_Exercise requirements:_ In the entries below, which lines run from the one containing "words_def by auto" to the one containing "fix f assume"? Copy exactly those lines, ends included, and no others.
-- Study material follows --
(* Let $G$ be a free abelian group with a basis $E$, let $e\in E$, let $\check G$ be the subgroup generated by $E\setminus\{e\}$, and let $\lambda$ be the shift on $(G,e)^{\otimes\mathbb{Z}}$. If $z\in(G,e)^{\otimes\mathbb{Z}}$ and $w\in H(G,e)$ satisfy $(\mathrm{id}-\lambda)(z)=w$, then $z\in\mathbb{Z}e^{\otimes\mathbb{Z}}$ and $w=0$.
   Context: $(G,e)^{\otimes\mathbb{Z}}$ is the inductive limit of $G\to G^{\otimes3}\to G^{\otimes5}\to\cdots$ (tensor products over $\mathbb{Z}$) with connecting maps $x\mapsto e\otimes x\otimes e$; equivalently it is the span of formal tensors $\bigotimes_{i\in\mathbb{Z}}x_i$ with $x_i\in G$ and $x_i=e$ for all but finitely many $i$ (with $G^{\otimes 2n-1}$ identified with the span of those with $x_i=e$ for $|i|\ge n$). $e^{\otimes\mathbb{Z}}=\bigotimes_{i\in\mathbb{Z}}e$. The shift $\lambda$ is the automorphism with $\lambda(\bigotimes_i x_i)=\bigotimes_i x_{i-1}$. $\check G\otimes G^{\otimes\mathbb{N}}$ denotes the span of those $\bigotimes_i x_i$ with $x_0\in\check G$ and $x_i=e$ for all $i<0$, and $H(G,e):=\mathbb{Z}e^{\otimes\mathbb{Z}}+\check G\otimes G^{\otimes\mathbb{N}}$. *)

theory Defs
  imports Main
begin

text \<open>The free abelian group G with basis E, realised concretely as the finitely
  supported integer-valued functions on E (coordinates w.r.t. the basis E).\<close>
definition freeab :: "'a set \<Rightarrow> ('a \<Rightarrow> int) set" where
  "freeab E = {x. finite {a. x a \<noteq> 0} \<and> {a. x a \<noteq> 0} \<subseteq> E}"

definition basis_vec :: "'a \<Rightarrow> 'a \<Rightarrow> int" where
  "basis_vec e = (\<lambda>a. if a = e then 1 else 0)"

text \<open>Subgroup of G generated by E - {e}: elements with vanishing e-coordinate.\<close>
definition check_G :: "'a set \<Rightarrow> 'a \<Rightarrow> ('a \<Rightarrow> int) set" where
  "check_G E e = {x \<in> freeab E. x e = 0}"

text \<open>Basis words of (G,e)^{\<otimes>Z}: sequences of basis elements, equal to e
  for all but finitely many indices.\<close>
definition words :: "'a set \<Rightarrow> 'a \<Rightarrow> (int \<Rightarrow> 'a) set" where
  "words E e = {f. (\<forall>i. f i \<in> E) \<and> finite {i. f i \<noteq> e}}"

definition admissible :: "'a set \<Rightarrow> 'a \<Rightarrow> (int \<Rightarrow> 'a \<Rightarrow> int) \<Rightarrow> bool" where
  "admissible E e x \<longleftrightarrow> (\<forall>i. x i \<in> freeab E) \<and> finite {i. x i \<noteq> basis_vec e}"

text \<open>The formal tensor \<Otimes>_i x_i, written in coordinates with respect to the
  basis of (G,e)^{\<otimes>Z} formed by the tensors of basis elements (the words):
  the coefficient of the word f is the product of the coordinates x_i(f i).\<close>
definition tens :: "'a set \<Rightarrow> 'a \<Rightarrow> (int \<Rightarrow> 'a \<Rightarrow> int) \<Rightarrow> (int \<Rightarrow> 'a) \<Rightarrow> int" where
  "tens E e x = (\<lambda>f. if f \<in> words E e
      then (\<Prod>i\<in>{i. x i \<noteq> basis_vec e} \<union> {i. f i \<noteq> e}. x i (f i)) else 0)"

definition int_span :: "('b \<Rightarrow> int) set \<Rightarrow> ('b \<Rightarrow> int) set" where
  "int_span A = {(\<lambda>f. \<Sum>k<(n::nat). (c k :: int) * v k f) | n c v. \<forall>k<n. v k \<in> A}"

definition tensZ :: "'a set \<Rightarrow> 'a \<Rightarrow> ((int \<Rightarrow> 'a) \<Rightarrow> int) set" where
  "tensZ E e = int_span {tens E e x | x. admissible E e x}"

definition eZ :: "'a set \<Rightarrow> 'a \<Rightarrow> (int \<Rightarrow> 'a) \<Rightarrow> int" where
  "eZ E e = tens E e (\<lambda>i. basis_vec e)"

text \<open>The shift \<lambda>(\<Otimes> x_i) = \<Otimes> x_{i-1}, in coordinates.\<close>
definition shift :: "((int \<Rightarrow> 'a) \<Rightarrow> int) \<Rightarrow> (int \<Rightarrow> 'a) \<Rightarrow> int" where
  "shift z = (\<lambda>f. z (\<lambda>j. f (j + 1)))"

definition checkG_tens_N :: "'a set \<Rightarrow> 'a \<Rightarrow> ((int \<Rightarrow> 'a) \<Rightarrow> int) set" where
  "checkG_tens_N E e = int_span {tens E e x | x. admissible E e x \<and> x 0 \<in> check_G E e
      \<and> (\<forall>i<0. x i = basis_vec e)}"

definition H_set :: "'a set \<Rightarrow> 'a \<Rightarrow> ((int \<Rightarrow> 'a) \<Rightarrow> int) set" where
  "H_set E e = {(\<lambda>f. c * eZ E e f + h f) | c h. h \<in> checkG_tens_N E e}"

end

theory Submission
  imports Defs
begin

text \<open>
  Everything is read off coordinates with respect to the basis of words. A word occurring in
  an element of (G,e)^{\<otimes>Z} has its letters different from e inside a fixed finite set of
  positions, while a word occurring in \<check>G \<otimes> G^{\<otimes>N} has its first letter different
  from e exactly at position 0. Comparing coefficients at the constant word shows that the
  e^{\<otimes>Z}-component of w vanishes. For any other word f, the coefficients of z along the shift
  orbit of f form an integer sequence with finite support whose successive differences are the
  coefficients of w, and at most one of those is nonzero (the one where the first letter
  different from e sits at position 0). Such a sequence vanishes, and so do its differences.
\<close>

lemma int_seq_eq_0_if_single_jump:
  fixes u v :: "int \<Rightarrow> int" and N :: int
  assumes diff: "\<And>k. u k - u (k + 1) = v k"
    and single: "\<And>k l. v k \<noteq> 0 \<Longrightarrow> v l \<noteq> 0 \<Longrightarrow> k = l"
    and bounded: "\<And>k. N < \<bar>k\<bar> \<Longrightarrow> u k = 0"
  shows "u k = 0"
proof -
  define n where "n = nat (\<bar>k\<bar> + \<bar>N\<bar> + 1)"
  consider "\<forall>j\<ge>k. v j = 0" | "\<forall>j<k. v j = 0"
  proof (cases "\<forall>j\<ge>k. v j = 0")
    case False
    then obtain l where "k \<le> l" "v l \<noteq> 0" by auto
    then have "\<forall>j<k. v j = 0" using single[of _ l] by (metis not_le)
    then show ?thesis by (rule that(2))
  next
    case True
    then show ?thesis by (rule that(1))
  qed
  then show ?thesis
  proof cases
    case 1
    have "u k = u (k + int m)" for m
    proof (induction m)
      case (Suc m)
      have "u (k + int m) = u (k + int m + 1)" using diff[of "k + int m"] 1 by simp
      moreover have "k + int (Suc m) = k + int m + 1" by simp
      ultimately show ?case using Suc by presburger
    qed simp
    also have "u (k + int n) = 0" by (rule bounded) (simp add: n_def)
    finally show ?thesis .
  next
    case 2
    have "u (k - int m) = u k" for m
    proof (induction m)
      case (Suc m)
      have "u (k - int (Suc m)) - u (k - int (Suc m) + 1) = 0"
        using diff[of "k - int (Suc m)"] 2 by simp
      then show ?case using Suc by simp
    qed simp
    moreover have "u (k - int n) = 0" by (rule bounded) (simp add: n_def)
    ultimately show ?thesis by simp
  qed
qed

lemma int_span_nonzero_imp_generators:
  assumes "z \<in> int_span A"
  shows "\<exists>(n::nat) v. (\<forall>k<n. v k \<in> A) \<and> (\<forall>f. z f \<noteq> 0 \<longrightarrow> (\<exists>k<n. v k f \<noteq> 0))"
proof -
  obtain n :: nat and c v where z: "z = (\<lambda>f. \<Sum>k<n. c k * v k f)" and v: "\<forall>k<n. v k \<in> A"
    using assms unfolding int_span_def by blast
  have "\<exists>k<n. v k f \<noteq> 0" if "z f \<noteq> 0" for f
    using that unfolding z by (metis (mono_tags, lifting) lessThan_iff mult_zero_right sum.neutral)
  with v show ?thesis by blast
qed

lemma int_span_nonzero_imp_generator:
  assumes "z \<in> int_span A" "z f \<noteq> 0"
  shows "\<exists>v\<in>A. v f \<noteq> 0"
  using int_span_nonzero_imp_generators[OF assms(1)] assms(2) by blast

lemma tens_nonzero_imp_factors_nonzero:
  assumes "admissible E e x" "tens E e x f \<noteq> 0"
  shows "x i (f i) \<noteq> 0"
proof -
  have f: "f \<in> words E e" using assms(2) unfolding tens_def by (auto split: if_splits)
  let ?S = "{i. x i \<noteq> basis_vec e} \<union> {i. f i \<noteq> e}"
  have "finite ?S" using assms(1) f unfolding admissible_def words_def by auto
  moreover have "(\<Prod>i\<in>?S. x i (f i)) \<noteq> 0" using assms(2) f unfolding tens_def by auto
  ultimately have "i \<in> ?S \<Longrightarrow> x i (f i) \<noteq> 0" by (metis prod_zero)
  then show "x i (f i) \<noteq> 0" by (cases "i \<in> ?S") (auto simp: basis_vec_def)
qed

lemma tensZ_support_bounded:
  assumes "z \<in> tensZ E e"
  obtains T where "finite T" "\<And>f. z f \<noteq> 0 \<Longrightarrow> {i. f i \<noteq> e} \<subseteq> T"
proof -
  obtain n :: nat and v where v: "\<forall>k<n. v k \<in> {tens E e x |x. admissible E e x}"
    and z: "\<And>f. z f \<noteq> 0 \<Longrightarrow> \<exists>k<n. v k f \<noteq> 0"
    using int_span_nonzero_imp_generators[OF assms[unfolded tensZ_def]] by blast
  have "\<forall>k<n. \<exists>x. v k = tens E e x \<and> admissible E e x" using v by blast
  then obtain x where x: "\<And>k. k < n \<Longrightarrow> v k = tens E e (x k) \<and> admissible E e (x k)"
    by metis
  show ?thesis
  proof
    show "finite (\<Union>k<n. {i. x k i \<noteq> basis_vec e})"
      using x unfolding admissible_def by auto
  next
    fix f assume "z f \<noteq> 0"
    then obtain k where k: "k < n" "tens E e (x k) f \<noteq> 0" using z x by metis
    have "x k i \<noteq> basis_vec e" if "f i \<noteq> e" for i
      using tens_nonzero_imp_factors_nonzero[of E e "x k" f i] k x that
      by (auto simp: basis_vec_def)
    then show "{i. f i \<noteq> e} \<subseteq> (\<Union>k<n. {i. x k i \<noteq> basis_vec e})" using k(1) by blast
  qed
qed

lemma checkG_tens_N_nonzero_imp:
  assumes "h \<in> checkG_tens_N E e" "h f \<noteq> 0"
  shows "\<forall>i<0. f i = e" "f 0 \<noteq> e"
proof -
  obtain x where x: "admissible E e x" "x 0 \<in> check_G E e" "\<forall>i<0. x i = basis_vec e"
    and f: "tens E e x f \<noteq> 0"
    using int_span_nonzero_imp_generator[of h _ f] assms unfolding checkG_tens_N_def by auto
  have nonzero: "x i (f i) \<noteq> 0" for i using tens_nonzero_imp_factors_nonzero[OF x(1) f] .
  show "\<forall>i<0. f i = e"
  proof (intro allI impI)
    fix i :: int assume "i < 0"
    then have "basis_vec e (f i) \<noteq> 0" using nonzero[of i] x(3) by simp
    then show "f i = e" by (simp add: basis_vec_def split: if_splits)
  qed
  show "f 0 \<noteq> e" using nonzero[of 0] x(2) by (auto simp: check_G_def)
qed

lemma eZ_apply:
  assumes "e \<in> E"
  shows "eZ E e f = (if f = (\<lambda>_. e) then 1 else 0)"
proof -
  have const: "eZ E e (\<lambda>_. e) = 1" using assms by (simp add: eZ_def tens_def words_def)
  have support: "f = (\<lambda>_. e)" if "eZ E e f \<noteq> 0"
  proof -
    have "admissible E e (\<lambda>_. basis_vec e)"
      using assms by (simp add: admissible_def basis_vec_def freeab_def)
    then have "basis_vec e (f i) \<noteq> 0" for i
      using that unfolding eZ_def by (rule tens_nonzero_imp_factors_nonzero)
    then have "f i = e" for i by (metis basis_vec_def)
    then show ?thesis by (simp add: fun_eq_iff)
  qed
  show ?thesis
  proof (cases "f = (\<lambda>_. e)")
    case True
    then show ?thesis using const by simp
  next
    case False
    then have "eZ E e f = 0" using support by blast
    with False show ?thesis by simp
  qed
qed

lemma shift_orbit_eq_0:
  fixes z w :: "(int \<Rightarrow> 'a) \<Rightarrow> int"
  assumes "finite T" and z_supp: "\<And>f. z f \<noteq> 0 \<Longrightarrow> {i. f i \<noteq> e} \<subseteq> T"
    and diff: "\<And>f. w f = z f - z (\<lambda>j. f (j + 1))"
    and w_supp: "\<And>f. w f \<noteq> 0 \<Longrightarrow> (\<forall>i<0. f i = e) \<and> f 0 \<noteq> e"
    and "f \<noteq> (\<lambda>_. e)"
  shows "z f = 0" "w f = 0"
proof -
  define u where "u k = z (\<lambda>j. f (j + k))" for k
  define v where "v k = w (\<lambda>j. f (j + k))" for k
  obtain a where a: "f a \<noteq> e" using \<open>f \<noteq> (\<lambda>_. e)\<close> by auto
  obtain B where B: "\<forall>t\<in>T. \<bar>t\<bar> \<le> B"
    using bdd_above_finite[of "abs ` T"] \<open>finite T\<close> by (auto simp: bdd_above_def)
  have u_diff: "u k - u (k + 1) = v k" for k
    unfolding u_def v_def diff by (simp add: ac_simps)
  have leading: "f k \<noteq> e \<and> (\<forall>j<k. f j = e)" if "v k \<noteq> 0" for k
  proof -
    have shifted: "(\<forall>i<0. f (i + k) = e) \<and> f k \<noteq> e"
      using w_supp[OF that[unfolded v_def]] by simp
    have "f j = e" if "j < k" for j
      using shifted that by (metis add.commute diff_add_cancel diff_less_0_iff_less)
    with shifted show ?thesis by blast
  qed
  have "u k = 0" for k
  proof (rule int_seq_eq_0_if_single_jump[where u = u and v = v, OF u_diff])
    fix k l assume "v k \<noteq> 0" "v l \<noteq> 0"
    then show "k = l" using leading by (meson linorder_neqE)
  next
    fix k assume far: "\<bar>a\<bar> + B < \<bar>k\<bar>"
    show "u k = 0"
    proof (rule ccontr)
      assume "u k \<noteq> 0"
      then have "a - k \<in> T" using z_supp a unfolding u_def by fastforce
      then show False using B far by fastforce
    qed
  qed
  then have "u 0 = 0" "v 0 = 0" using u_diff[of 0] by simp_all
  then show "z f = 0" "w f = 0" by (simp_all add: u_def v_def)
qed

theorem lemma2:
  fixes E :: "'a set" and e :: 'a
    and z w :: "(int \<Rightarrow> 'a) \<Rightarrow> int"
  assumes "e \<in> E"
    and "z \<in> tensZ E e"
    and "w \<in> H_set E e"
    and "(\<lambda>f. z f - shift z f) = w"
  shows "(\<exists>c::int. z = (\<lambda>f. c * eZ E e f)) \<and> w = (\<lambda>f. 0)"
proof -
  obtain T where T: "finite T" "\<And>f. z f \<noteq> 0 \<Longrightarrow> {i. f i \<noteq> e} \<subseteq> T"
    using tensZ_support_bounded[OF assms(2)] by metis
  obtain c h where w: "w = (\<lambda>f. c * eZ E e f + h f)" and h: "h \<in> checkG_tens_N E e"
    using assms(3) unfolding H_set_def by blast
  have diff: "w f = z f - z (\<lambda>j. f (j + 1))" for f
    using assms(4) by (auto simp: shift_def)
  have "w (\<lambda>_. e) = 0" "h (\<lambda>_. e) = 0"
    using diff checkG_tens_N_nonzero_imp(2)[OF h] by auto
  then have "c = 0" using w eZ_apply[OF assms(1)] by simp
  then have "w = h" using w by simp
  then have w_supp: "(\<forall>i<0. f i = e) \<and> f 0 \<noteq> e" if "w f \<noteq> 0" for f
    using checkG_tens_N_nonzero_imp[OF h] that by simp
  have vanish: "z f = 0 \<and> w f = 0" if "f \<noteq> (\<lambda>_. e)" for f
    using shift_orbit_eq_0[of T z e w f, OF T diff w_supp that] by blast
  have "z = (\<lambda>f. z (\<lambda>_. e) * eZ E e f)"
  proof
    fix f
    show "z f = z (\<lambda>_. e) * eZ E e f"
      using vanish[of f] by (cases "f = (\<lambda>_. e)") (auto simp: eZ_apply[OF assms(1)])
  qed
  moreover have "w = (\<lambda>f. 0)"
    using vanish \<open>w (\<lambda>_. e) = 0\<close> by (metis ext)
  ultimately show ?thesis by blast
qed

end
-- Study material concluded --
_Response:_
  have "finite ?S" using assms(1) f unfolding admissible_def words_def by auto
  moreover have "(\<Prod>i\<in>?S. x i (f i)) \<noteq> 0" using assms(2) f unfolding tens_def by auto
  ultimately have "i \<in> ?S \<Longrightarrow> x i (f i) \<noteq> 0" by (metis prod_zero)
  then show "x i (f i) \<noteq> 0" by (cases "i \<in> ?S") (auto simp: basis_vec_def)
qed

lemma tensZ_support_bounded:
  assumes "z \<in> tensZ E e"
  obtains T where "finite T" "\<And>f. z f \<noteq> 0 \<Longrightarrow> {i. f i \<noteq> e} \<subseteq> T"
proof -
  obtain n :: nat and v where v: "\<forall>k<n. v k \<in> {tens E e x |x. admissible E e x}"
    and z: "\<And>f. z f \<noteq> 0 \<Longrightarrow> \<exists>k<n. v k f \<noteq> 0"
    using int_span_nonzero_imp_generators[OF assms[unfolded tensZ_def]] by blast
  have "\<forall>k<n. \<exists>x. v k = tens E e x \<and> admissible E e x" using v by blast
  then obtain x where x: "\<And>k. k < n \<Longrightarrow> v k = tens E e (x k) \<and> admissible E e (x k)"
    by metis
  show ?thesis
  proof
    show "finite (\<Union>k<n. {i. x k i \<noteq> basis_vec e})"
      using x unfolding admissible_def by auto
  next
    fix f assume "z f \<noteq> 0"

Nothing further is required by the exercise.